第二節 鐵心追查
二
第二天,燕長鋒兩眼浮腫地來到公安局,向局裏主管的副局長申請請幾天假。副局長盯着他看了半分鐘后,嘆了口氣說:“你真的就是鐵定心要追查602兇案?”
燕長鋒點了點頭。
“你知道接手此案可是凶多吉少,甚至可以說是有去無還?”
燕長鋒再點了點頭。
副局長難於置信地搖了搖頭,說:“既然這樣,那好吧,我也不再阻擋你。我批准你在接下來的時間裏都不用過來局裏上班,專心偵破602兇案,等你什麼破了案,什麼時候再回來局裏好了。如果有需要的話,隨時可以……”話到此,副局長猛然察覺到說順嘴了,趕緊煞住了話頭,“沒什麼了。你去吧。”
燕長鋒敬了個禮,從副局長辦公室里退了出來。他再次確認,這個案件只能是由自己一人孤軍奮戰了,因為副局長最後的半句話已暗示,局裏是不會再為他提供任何的協助。
出了公安局。外面的明媚的陽光驅散了他心頭的陰霾。他眯起眼,看着馬路上的川流不息的車潮與人潮,一種雄心油然升起:我不管你是人還是鬼,只要你殺了人,我都要把你揪出來,繩之以法!
如此打氣一番,燕長鋒的心情頓時開朗了起來。他想了想,決定先去找朱素的父母,多了解一點朱素的情況。這是目前所有的線索中最為簡單的,只需照着卷宗上朱素父母所留的地址,按圖索驥即可。
燕長鋒掏出筆記本,上面記錄著朱素父母的地址:廣州市花都區新華鎮建設路117號405房。他坐了個車,來到省汽車站,買了張票,搭上去往花都區的大巴。
上了車,燕長鋒頭枕在椅子靠背上。汽車輕微的顛簸將他昨晚所欠下的睡意一點一點地晃蕩了出來,將他送入了酣甜的夢鄉。睡得迷迷糊糊之時,汽車一個大拐彎,將燕長鋒的腦袋從椅背上搖了下來。就在他將醒未醒間,突然有一個纖細的聲音猛地扎入他的耳中,“你是找不到我的”,緊接着是一陣的笑聲,有着說不出的刺耳,似乎是鋸子拉扯着聲帶摩擦所發出的聲音,特別乾澀,又特別尖銳,將燕長鋒一下子從睡夢中完全驚醒。他張開眼,發現身邊空無一人,只有前面的一對夫婦低頭在收拾行李準備下車,窗外的景象顯示,汽車正拐入車站。

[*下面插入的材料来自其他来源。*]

theorem proposition3p1:
  fixes C :: "pt set set" and s :: nat
  assumes "C \<subseteq> lines_F3"
    and "\<forall>l1\<in>C. \<forall>l2\<in>C. l1 \<noteq> l2 \<longrightarrow> l1 \<inter> l2 = {}"
    and "s < 3"
    and "card (C \<inter> Lfam s) = 3"
  shows "\<exists>k<3. k \<noteq> s \<and> C \<inter> Lfam k = {}"
proof -
  have disj: "pairwise disjnt C"
    using assms(2) unfolding pairwise_def disjnt_def by blast
  consider "s = 0" | "s = 1" | "s = 2"
    using assms(3) by linarith
  then show ?thesis
  proof cases
    case 1
    show ?thesis
      using three_disjoint_lines_exclude_family[OF incidence_coordinates_0 _ _ _ _ _ disj] 1 assms(4)
      by simp
  next
    case 2
    show ?thesis
      using three_disjoint_lines_exclude_family[OF incidence_coordinates_1 _ _ _ _ _ disj] 2 assms(4)
      by simp
  next
    case 3
    show ?thesis
      using three_disjoint_lines_exclude_family[OF incidence_coordinates_2 _ _ _ _ _ disj] 3 assms(4)
      by simp
  qed
qed

end
(* Let $R$ be any commutative ring with $1$, $n$ a positive integer, $r,s$ nonnegative integers, $V=R^n$, $G=GL_n(R)$. Let $\sigma_{r+s}:R\mathfrak{S}_{r+s}\to\mathrm{End}_G(V^{\otimes r+s})$ and $\sigma_{r,s}:\mathfrak{B}_{r,s}^n\to\mathrm{End}_G(V^{\otimes r}\otimes {V^*}^{\otimes s})$ be the representation maps described in the context. Then: (1) $\sigma_{r,s}$ is surjective if and only if $\sigma_{r+s}$ is surjective; (2) the action of $\mathfrak{B}_{r,s}^n$ on $V^{\otimes r}\otimes {V^*}^{\otimes s}$ is faithful if and only if $n\ge r+s$; (3) the annihilator of $\mathfrak{B}_{r,s}^n$ on $V^{\otimes r}\otimes {V^*}^{\otimes s}$ is free over $R$ if and only if the annihilator of $R\mathfrak{S}_{r+s}$ on $V^{\otimes r+s}$ is free over $R$, and if so they have the same rank.
   Context: $G=GL_n(R)$ acts naturally on $V=R^n$ (basis $v_1,\dots,v_n$), on $V^*$ by $(gf)(v)=f(g^{-1}v)$, and diagonally on tensor products. A Brauer $m$-diagram is a graph with $m$ vertices in a top row, $m$ in a bottom row and $m$ edges, each vertex lying on exactly one edge. The Brauer algebra $\mathfrak{B}_m^n$ is the free $R$-module on Brauer $m$-diagrams with product $d_1d_2=n^kd_3$, where $d_3$ is obtained by stacking $d_1$ above $d_2$, identifying the bottom row of $d_1$ with the top row of $d_2$, and removing the middle vertices and the $k$ closed cycles. An edge is propagating if its endpoints lie in different rows; totally propagating diagrams span a copy of $R\mathfrak{S}_m$. With $m=r+s$, let $F$ be the first $r$ vertices of each row and $L$ the last $s$. The walled Brauer algebra $\mathfrak{B}_{r,s}^n$ is the $R$-span of diagrams in which every propagating edge has both endpoints in $F$ or both in $L$, and every non-propagating edge has one endpoint in $F$ and one in $L$. A Brauer diagram $d$ acts from the right on $V_1\otimes\cdots\otimes V_m$ (each $V_k\in\{V,V^*\}$, with $V^*$ identified with $V$ via $v_i\mapsto v_i^*$, basis $x_{i_1}\otimes\cdots\otimes x_{i_m}$ indexed by $\mathbf i\in\{1,\dots,n\}^m$) via the matrix $(a_{\mathbf i,\mathbf j})$: write the entries of $\mathbf i$ along the top row and of $\mathbf j$ along the bottom row; $a_{\mathbf i,\mathbf j}=1$ if both ends of every edge carry the same index, and $0$ otherwise. This gives $\sigma_{r+s}$ (action of $R\mathfrak{S}_{r+s}$ on $V^{\otimes r+s}$) and $\sigma_{r,s}$ (action of $\mathfrak{B}_{r,s}^n$ on $V^{\otimes r}\otimes {V^*}^{\otimes s}$), both with image commuting with $G$. *)

theory Defs
  imports "HOL-Library.FuncSet"
begin

text \<open>Multi-indices \<open>\<^bold>i \<in> {1..n}^m\<close>, encoded 0-based: functions on {0..<m} with values in {0..<n}.
  They index the standard basis \<open>x_\<^bold>i\<close> of \<open>V_1 \<otimes> ... \<otimes> V_m\<close>, \<open>V = R^n\<close>.\<close>
definition idx :: "nat \<Rightarrow> nat \<Rightarrow> (nat \<Rightarrow> nat) set" where
  "idx n m = {0..<m} \<rightarrow>\<^sub>E {0..<n}"

text \<open>Vertices are 0..<2m: vertex k (k<m) is the k-th vertex of the top row,
  vertex m+k is the k-th vertex of the bottom row. A diagram is the perfect matching given by a
  fixed-point-free involution d of {0..<2m} (edges {x, d x}).\<close>
definition brauer_diagrams :: "nat \<Rightarrow> (nat \<Rightarrow> nat) set" where
  "brauer_diagrams m = {d \<in> {0..<2*m} \<rightarrow>\<^sub>E {0..<2*m}. \<forall>x<2*m. d (d x) = x \<and> d x \<noteq> x}"

definition top_row :: "nat \<Rightarrow> nat \<Rightarrow> bool" where
  "top_row m x \<longleftrightarrow> x < m"

definition col :: "nat \<Rightarrow> nat \<Rightarrow> nat" where
  "col m x = (if x < m then x else x - m)"

definition propagating :: "nat \<Rightarrow> (nat \<Rightarrow> nat) \<Rightarrow> nat \<Rightarrow> bool" where
  "propagating m d x \<longleftrightarrow> top_row m x \<noteq> top_row m (d x)"

definition in_F :: "nat \<Rightarrow> nat \<Rightarrow> nat \<Rightarrow> bool" where
  "in_F r m x \<longleftrightarrow> col m x < r"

燕長鋒心“撲通撲通”地劇烈跳動着,他使勁地咽了一口口水,將驚慌的情緒壓了下去,然後很快發覺全身有着說不出的沉重,甚至左半身都已酥麻,似乎之前睡覺時,有個東西緊壓在他身上似的。他艱難地抬起左手,活動了下,體內凝滯的血液重新流通了開來,身體慢慢地恢復了生機。
汽車很快靠站了。燕長鋒搖搖晃晃地站起身,下了車,打了個的士,告訴司機地址,然後疲憊地靠在椅背上,用力地用拇指揉着太陽穴,想分清,剛才聽到的那個聲音,究竟是在夢裏呢,還是真的有人在他耳邊說的話。但任他鎖痛眉峰,也無法做出一個定論。從理智上講,他更趨向於那是夢裏的聲音,因為從前座那對夫婦的平淡反應來看,那奇怪的聲音決計不是周圍的人發出的,但從主觀感受來看,他卻寧願認定那是有人扒在他耳邊說的話,因為實在太清晰逼真了。可若是後者,究竟是什麼人能夠穿越行走中的汽車,將話語傳入他的耳中,卻又不會驚擾到周圍的人?
燕長鋒無法再深入下想,只隱隱地覺得,今天此行恐怕不會順利,甚至說不定還會遇上什麼兇險。
的士很快在朱素父母所在的樓下停住。這是一棟獨棟的商品房。燕長鋒略微打量了一下樓房的外觀,五六成新,款式不一的防盜網后,掛着各式花花綠綠的衣服。看來這裏面是個魚龍混雜之地,至少不是單純的居民樓,而極有可能是外來人員聚集區。
這種感覺,自燕長鋒踏入樓梯后,就更強烈了。樓梯里,亂七八糟地擺放了各種雜物,從煤球到廢棄的木板、啤酒瓶等,什麼都有。燕長鋒小心翼翼地繞開這些障礙物,來到405房,敲了敲門。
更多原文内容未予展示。